P. O que seria a máfia sem política?
R. Eu respondo com as palavras Salvatore Cancemi, um colaborador da justiça que pertencia à Comissão de la Cosa Nostra e que, para nos entender, era um daqueles que se sentaram na mesma mesa com Riina e Provenzano para decidir onde e como mata Falcone e Borsellino. Depois de um longo interrogatório, ele me disse: "Dottore, Totó Riina, muitas vezes me disse:" Sem o relacionamento com a política, teríamos sido uma gangue de chacais [criminosos comuns]. O estado teria esmagado nossas cabeças com facilidade. Essa é a nossa força e devemos continuar a cultivá-la. " Nunca esqueci disso.
P. Silvio Berlusconi está em posição de continuar influenciando este país. O que isso significa para a Itália?
R. Há uma frase final que afirma que de 1974 a 1992 Berlusconi teve relações com a máfia siciliana. Ele subsidiou, ele pagou dinheiro. O que é preocupante não é apenas que ainda conta politicamente, mas que ninguém fala sobre esses relacionamentos demonstrados no julgamento final. Mesmo os jornalistas ignoram isso. Além das idéias políticas de cada um, os fatos sempre devem ser lembrados.

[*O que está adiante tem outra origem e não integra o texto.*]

lemma mpeval_mult: "mpeval (p * q) z = mpeval p z * mpeval q z"
proof -
  have expand: "p * q = (\<Sum>\<gamma>\<in>keys p. single \<gamma> (lookup p \<gamma>) * q)"
    by (subst sum_single_lookup[of p, symmetric]) (simp add: sum_distrib_right)
  show ?thesis
    unfolding expand mpeval_sum mpeval_single_mult
    by (simp add: mpeval_eq_sum_monom_eval[of p] sum_distrib_right)
qed

lemma mpeval_one [simp]: "mpeval 1 z = 1"
  using mpeval_mconst[of 1 z] by (simp add: mconst_def)

lemma mpeval_prod: "mpeval (\<Prod>j\<in>J. f j) z = (\<Prod>j\<in>J. mpeval (f j) z)"
  by (induction J rule: infinite_finite_induct) (auto simp: mpeval_mult)

lemma lookup_mconst_mult: "lookup (mconst c * p) \<gamma> = c * lookup p \<gamma>"
  by (simp add: mconst_def flip: mult_map_scale_conv_mult) (simp add: map.rep_eq when_def)

lemma mconst_zero [simp]: "mconst 0 = 0"
  by (simp add: mconst_def)

lemma mconst_mult: "mconst a * mconst b = mconst (a * b)"
  by (simp add: mconst_def mult_single)

lemma lookup_mconst: "lookup (mconst c) \<alpha> = (if \<alpha> = 0 then c else 0)"
  by (simp add: mconst_def lookup_single when_def)

section \<open>The basis polynomials \<open>\<chi>\<^sub>\<alpha>\<close>\<close>

lemma mpeval_chi:
  "mpeval (chi \<mu> \<beta>) z = (\<Prod>i\<in>keys \<beta>. z i ^ lookup \<beta> i - mom \<mu> i (lookup \<beta> i))"
  by (simp add: chi_def mpeval_prod mpeval_diff)

lemma mpeval_chi_resample:
  "mpeval (chi \<mu> \<gamma>) (z(i := t)) =
    (if i \<in> keys \<gamma>
     then (t ^ lookup \<gamma> i - mom \<mu> i (lookup \<gamma> i)) *
       (\<Prod>l\<in>keys \<gamma> - {i}. z l ^ lookup \<gamma> l - mom \<mu> l (lookup \<gamma> l))
     else mpeval (chi \<mu> \<gamma>) z)"
proof (cases "i \<in> keys \<gamma>")
  case True
  have "(\<Prod>l\<in>keys \<gamma> - {i}. (z(i := t)) l ^ lookup \<gamma> l - mom \<mu> l (lookup \<gamma> l)) =
      (\<Prod>l\<in>keys \<gamma> - {i}. z l ^ lookup \<gamma> l - mom \<mu> l (lookup \<gamma> l))"
    by (intro prod.cong) auto
  with True show ?thesis
    unfolding mpeval_chi by (simp add: prod.remove[OF finite_keys True])
next
  case False
  then show ?thesis
    unfolding mpeval_chi by (auto intro: prod.cong)
qed

lemma
  assumes "prob_space (\<mu> i)" and "\<And>e. integrable (\<mu> i) (\<lambda>t. t ^ e)"
  shows integrable_chi_resample: "integrable (\<mu> i) (\<lambda>t. mpeval (chi \<mu> \<gamma>) (z(i := t)))"
    and integral_chi_resample:
      "(\<integral>t. mpeval (chi \<mu> \<gamma>) (z(i := t)) \<partial>\<mu> i) = (if i \<in> keys \<gamma> then 0 else mpeval (chi \<mu> \<gamma>) z)"
proof -
  interpret prob_space "\<mu> i" by fact
  show "integrable (\<mu> i) (\<lambda>t. mpeval (chi \<mu> \<gamma>) (z(i := t)))"
    using assms(2) by (cases "i \<in> keys \<gamma>") (simp_all add: mpeval_chi_resample)
  show "(\<integral>t. mpeval (chi \<mu> \<gamma>) (z(i := t)) \<partial>\<mu> i) = (if i \<in> keys \<gamma> then 0 else mpeval (chi \<mu> \<gamma>) z)"
    using assms(2) prob_space
    by (cases "i \<in> keys \<gamma>") (simp_all add: mpeval_chi_resample mom_def)
qed

text \<open>The generator identity \<open>L \<chi>\<^sub>\<gamma> = |\<gamma>|\<^sub>0 \<chi>\<^sub>\<gamma>\<close>, for combinations of \<open>\<chi>\<^sub>\<gamma>\<close> with \<open>|\<gamma>|\<^sub>0 = m\<close>.\<close>

lemma sum_integral_resample_chi_sum:
  assumes \<Gamma>: "\<And>\<gamma>. \<gamma> \<in> \<Gamma> \<Longrightarrow> keys \<gamma> \<subseteq> {..<n}" "\<And>\<gamma>. \<gamma> \<in> \<Gamma> \<Longrightarrow> msupp \<gamma> = m"
    and prob: "\<And>i. i < n \<Longrightarrow> prob_space (\<mu> i)"
    and moments: "\<And>i e. i < n \<Longrightarrow> integrable (\<mu> i) (\<lambda>t. t ^ e)"
    and p: "\<And>w. p w = (\<Sum>\<gamma>\<in>\<Gamma>. x \<gamma> * mpeval (chi \<mu> \<gamma>) w)"
  shows "(\<Sum>i<n. \<integral>t. p z - p (z(i := t)) \<partial>\<mu> i) = real m * p z"
proof -
  have resample: "(\<integral>t. p z - p (z(i := t)) \<partial>\<mu> i) =
      (\<Sum>\<gamma>\<in>\<Gamma>. x \<gamma> * (if i \<in> keys \<gamma> then mpeval (chi \<mu> \<gamma>) z else 0))" if "i < n" for i
  proof -
    interpret prob_space "\<mu> i" using prob[OF that] .
    show ?thesis
      using integrable_chi_resample[of \<mu> i, OF prob[OF that] moments[OF that]]
        integral_chi_resample[of \<mu> i, OF prob[OF that] moments[OF that]] prob_space
      by (simp add: p sum_subtractf[symmetric] right_diff_distrib[symmetric]) (auto intro!: sum.cong)
  qed
  have count: "(\<Sum>i<n. if i \<in> keys \<gamma> then v else 0) = real m * v" if "\<gamma> \<in> \<Gamma>" for \<gamma> and v :: real
  proof -
    from \<Gamma>(1)[OF that] have "(\<Sum>i<n. if i \<in> keys \<gamma> then v else 0) = (\<Sum>i\<in>keys \<gamma>. v)"
      by (intro sum.mono_neutral_cong_right) auto
    also have "\<dots> = real m * v" using \<Gamma>(2)[OF that] by (simp add: msupp_def)
    finally show ?thesis .
  qed
  have "(\<Sum>i<n. \<integral>t. p z - p (z(i := t)) \<partial>\<mu> i) =
      (\<Sum>\<gamma>\<in>\<Gamma>. x \<gamma> * (\<Sum>i<n. if i \<in> keys \<gamma> then mpeval (chi \<mu> \<gamma>) z else 0))"
    by (simp add: resample sum_distrib_left sum.swap[of _ "{..<n}"])
  also have "\<dots> = real m * p z"
    by (simp add: count p sum_distrib_left mult_ac cong: sum.cong)
  finally show ?thesis .
qed

lemma prod_single: "(\<Prod>i\<in>S. single (k i) (c i)) = single (\<Sum>i\<in>S. k i) (\<Prod>i\<in>S. c i)"
  by (induction S rule: infinite_finite_induct) (auto simp: mult_single)

lemma chi_expansion:
  "chi \<mu> \<beta> = (\<Sum>S\<in>Pow (keys \<beta>).
     single (\<Sum>i\<in>S. single i (lookup \<beta> i)) (\<Prod>i\<in>keys \<beta> - S. - mom \<mu> i (lookup \<beta> i)))"
proof -
  have "chi \<mu> \<beta> = (\<Prod>i\<in>keys \<beta>. single (single i (lookup \<beta> i)) 1 + single 0 (- mom \<mu> i (lookup \<beta> i)))"
    by (simp add: chi_def mmonom_def mconst_def single_uminus)
  also have "\<dots> = (\<Sum>S\<in>Pow (keys \<beta>). (\<Prod>i\<in>S. single (single i (lookup \<beta> i)) 1) *
      (\<Prod>i\<in>keys \<beta> - S. single 0 (- mom \<mu> i (lookup \<beta> i))))"
    by (simp add: prod_add)
  finally show ?thesis
    by (simp add: prod_single mult_single)
qed

lemma sum_single_lookup_eq_iff:
  assumes "S \<subseteq> keys \<beta>"
  shows "(\<Sum>i\<in>S. single i (lookup \<beta> i)) = \<gamma> \<longleftrightarrow> S = keys \<gamma> \<and> munlhd \<gamma> \<beta>"
proof -
  let ?\<rho> = "\<Sum>i\<in>S. single i (lookup \<beta> i)"
  have "finite S" using assms finite_subset finite_keys by blast
  then have lookup_\<rho>: "lookup ?\<rho> j = (if j \<in> S then lookup \<beta> j else 0)" for j
    by (simp add: lookup_sum lookup_single when_def)
  show ?thesis
  proof
    assume "?\<rho> = \<gamma>"
    then have lookup_\<gamma>: "lookup \<gamma> j = (if j \<in> S then lookup \<beta> j else 0)" for j
      using lookup_\<rho>[of j] by simp
    show "S = keys \<gamma> \<and> munlhd \<gamma> \<beta>"
      using assms by (auto simp: in_keys_iff munlhd_def lookup_\<gamma> split: if_splits)
  next
    assume \<gamma>: "S = keys \<gamma> \<and> munlhd \<gamma> \<beta>"
    show "?\<rho> = \<gamma>"
    proof (rule poly_mapping_eqI)
      fix j show "lookup ?\<rho> j = lookup \<gamma> j"
        unfolding lookup_\<rho> using \<gamma> by (metis in_keys_iff munlhd_def)
    qed
  qed
qed

lemma keys_subset_of_munlhd: "munlhd \<gamma> \<beta> \<Longrightarrow> keys \<gamma> \<subseteq> keys \<beta>"
  by (auto simp: munlhd_def in_keys_iff)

P. Qual seria o seu retorno à primeira linha?
R. Eu cito um fato: seria o retorno à liderança do país de um assunto que uma sentença definitiva reconheceu que ele teve relações com a Cosa Nostra por pelo menos 20 anos, até o momento em que Cosa Nostra fez os ataques. Um assunto que pagou a máfia economicamente no período em que matou dezenas de pessoas das instituições. Não é uma opinião, são os dados de fato reconhecidos pelo Supremo Tribunal.

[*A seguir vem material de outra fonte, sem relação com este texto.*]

(* Let $S$ be a commutative ring and $I\subseteq S$ an additive subgroup. Then: (1) the blowup $\mathrm{Bl}(I)=\mathrm{Bl}_S(I):=\bigcup_{k\ge 0}(I^k:I^k)_S$ is a subring of $S$; (2) if $R\subseteq S$ is a subring and $RI$ is an invertible ideal of $R$ within $S$, then $\mathrm{Bl}(I)\subseteq R$; (3) if for some $n\ge0$ the set $RI$ is an invertible ideal of $R=(I^n:I^n)_S$ within $S$, then $R=\mathrm{Bl}(I)$; (4) if $S$ is a number field and $I$ is finitely generated and non-zero, then there exists $n\ge 0$ such that $\mathrm{Bl}(I)=(I^n:I^n)_S$, and $\mathrm{Bl}(I)$ is an order.
   Context: For additive subgroups $I,J$ of a commutative ring $S$: $IJ$ is the set of finite sums $\sum x_iy_i$ with $x_i\in I$, $y_i\in J$; $(I:J)_S=\{x\in S: xJ\subseteq I\}$; $I^0=(I:I)_S$ and $I^{n+1}=I^n\cdot I$ for $n\ge0$. For a subring $R\subseteq S$, an invertible ideal of $R$ within $S$ is an $R$-submodule $I\subseteq S$ for which there is an $R$-submodule $J\subseteq S$ with $IJ=R$. A number field is a finite-dimensional field extension of $\mathbb{Q}$; an order is a domain whose additive group is isomorphic to $\mathbb{Z}^n$ for some $n\ge 0$. *)

theory Defs
  imports Main
begin

text \<open>Ambient commutative ring S is the type 'a. Subsets of 'a play the role of
additive subgroups / subrings / submodules of S.\<close>

definition additive_subgroup :: "'a::comm_ring_1 set \<Rightarrow> bool" where
  "additive_subgroup I \<longleftrightarrow> 0 \<in> I \<and> (\<forall>x\<in>I. \<forall>y\<in>I. x + y \<in> I) \<and> (\<forall>x\<in>I. - x \<in> I)"

definition subring :: "'a::comm_ring_1 set \<Rightarrow> bool" where
  "subring R \<longleftrightarrow> additive_subgroup R \<and> 1 \<in> R \<and> (\<forall>x\<in>R. \<forall>y\<in>R. x * y \<in> R)"

definition set_mult :: "'a::comm_ring_1 set \<Rightarrow> 'a set \<Rightarrow> 'a set" where
  "set_mult I J = {\<Sum>i<n. x i * y i | (n::nat) x y. \<forall>i<n. x i \<in> I \<and> y i \<in> J}"

definition colon :: "'a::comm_ring_1 set \<Rightarrow> 'a set \<Rightarrow> 'a set" where
  "colon I J = {x. \<forall>y\<in>J. x * y \<in> I}"

fun set_pow :: "'a::comm_ring_1 set \<Rightarrow> nat \<Rightarrow> 'a set" where
  "set_pow I 0 = colon I I"
| "set_pow I (Suc n) = set_mult (set_pow I n) I"

definition blowup :: "'a::comm_ring_1 set \<Rightarrow> 'a set" where
  "blowup I = (\<Union>k. colon (set_pow I k) (set_pow I k))"

definition submodule :: "'a::comm_ring_1 set \<Rightarrow> 'a set \<Rightarrow> bool" where
  "submodule R M \<longleftrightarrow> additive_subgroup M \<and> (\<forall>r\<in>R. \<forall>m\<in>M. r * m \<in> M)"

definition invertible_ideal :: "'a::comm_ring_1 set \<Rightarrow> 'a set \<Rightarrow> bool" where
  "invertible_ideal R M \<longleftrightarrow> submodule R M \<and> (\<exists>J. submodule R J \<and> set_mult M J = R)"

text \<open>The ambient ring (the whole type) is a number field: a field of characteristic 0
that is finite-dimensional over Q. Since 'a is only a comm_ring_1, Q-linear combinations
are written with cleared denominators: every x has a nonzero integer multiple that is a
Z-linear combination of a fixed finite set B.\<close>
definition number_field_type :: "'a::comm_ring_1 itself \<Rightarrow> bool" where
  "number_field_type (_ :: 'a itself) \<longleftrightarrow>
     (0::'a) \<noteq> 1 \<and> (\<forall>x::'a. x \<noteq> 0 \<longrightarrow> (\<exists>y. x * y = 1)) \<and>
     (\<forall>n::nat. (of_nat n :: 'a) = 0 \<longrightarrow> n = 0) \<and>
     (\<exists>B::'a set. finite B \<and> (\<forall>x::'a. \<exists>(d::int) (c::'a \<Rightarrow> int).
         d \<noteq> 0 \<and> of_int d * x = (\<Sum>b\<in>B. of_int (c b) * b)))"

definition fin_gen :: "'a::comm_ring_1 set \<Rightarrow> bool" where
  "fin_gen I \<longleftrightarrow> (\<exists>G. finite G \<and> I = {\<Sum>g\<in>G. of_int (c g) * g | c :: 'a \<Rightarrow> int. True})"

definition is_order :: "'a::comm_ring_1 set \<Rightarrow> bool" where
  "is_order O' \<longleftrightarrow> subring O' \<and> (0::'a) \<noteq> 1 \<and>
     (\<forall>x\<in>O'. \<forall>y\<in>O'. x * y = 0 \<longrightarrow> x = 0 \<or> y = 0) \<and>
     (\<exists>(n::nat) (b::nat \<Rightarrow> 'a).
        bij_betw (\<lambda>c. \<Sum>i<n. of_int (c i) * b i) {c :: nat \<Rightarrow> int. \<forall>i\<ge>n. c i = 0} O')"

end

theory Submission
  imports Defs HOL.Rat HOL.Vector_Spaces
begin

text \<open>
  The rings $O_k = (I^k : I^k)$ increase with $k$, so their union is a ring. If $RI$ is
  invertible then so is $R I^{k+1}$, and $x R I^{k+1} \subseteq R I^{k+1}$ for
  $x \in O_k \subseteq O_{k+1}$ forces $x \in R$; this gives (2) and (3).

  For (4), an element of $O_{k+1}$ stabilizes the full-rank lattice $I^{k+1} L$, where $L$ is
  the $\mathbb{Z}$-span of a $\mathbb{Q}$-basis, so its trace is an integer. A subring of a
  number field all of whose traces are integers lies in the $\mathbb{Z}$-span of a dual basis
  for the trace form. Hence $\mathrm{Bl}(I)$ is a finitely generated, hence free, abelian group,
  and its finitely many generators already lie in a single $O_n$.
\<close>

section \<open>Products of additive subgroups\<close>

lemma zero_mem_set_mult: "0 \<in> set_mult A B"
  unfolding set_mult_def by (rule CollectI, rule exI[of _ 0]) auto

lemma set_mult_add_mult:
  assumes "s \<in> set_mult A B" "a \<in> A" "b \<in> B"
  shows "s + a * b \<in> set_mult A B"
proof -
  obtain n :: nat and x y where s: "s = (\<Sum>i<n. x i * y i)" and xy: "\<forall>i<n. x i \<in> A \<and> y i \<in> B"
    using assms(1) unfolding set_mult_def by blast
  have "s + a * b = (\<Sum>i<Suc n. (x(n := a)) i * (y(n := b)) i)"
    using s by simp
  moreover have "\<forall>i<Suc n. (x(n := a)) i \<in> A \<and> (y(n := b)) i \<in> B"
    using xy assms(2,3) by (auto simp: less_Suc_eq)
  ultimately show ?thesis unfolding set_mult_def by blast
qed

P. La Cosa Nostra , de acordo com suas investigações, você ainda pode extorquir dinheiro ao Estado?
R. A partir das investigações dos ataques de 1992 e 1993, surge a probabilidade de Cosa Nostra junto com pessoas de outros ambientes. Constituintes externos E até que a verdade sobre essas pessoas seja descoberta, Cosa Nostra sempre manterá uma arma perigosa, como a extorsão. Ainda há homens de Cosa Nostra que guardam segredos que envolvem parte do poder italiano. Até que tenhamos apenas uma verdade parcial sobre o que aconteceu, será uma verdade negada. E não podemos aceitá-lo.
P. Borsellino estava certo quando disse que não seria Cosa Nostra quem o matou?
R. Cosa Nostra participou. Mas em muitos crimes, inclusive na Via de Amelio, outros instigaram Cosa Nostra a realizar esse ataque ou participaram com o mafioso executando.
P. Como você acha que a abordagem do Vaticano para a Mafia evoluiu?
R. Eu respondo como um magistrado, mas também como um crente católico. Durante décadas, a Igreja foi responsável por uma aceitação muito séria do poder da máfia. Através do silêncio, desatenção, omissão. Mas nos últimos anos, após o famoso discurso de João Paulo II, foi muito importante tomar a posição do Papa Francis afirmando que ser um mafioso leva à excomunhão. E, como católica, sonho com uma Igreja ainda mais valente, que leva o discurso em todos os níveis. Não pode haver compatibilidade entre o Evangelho e a Mafia.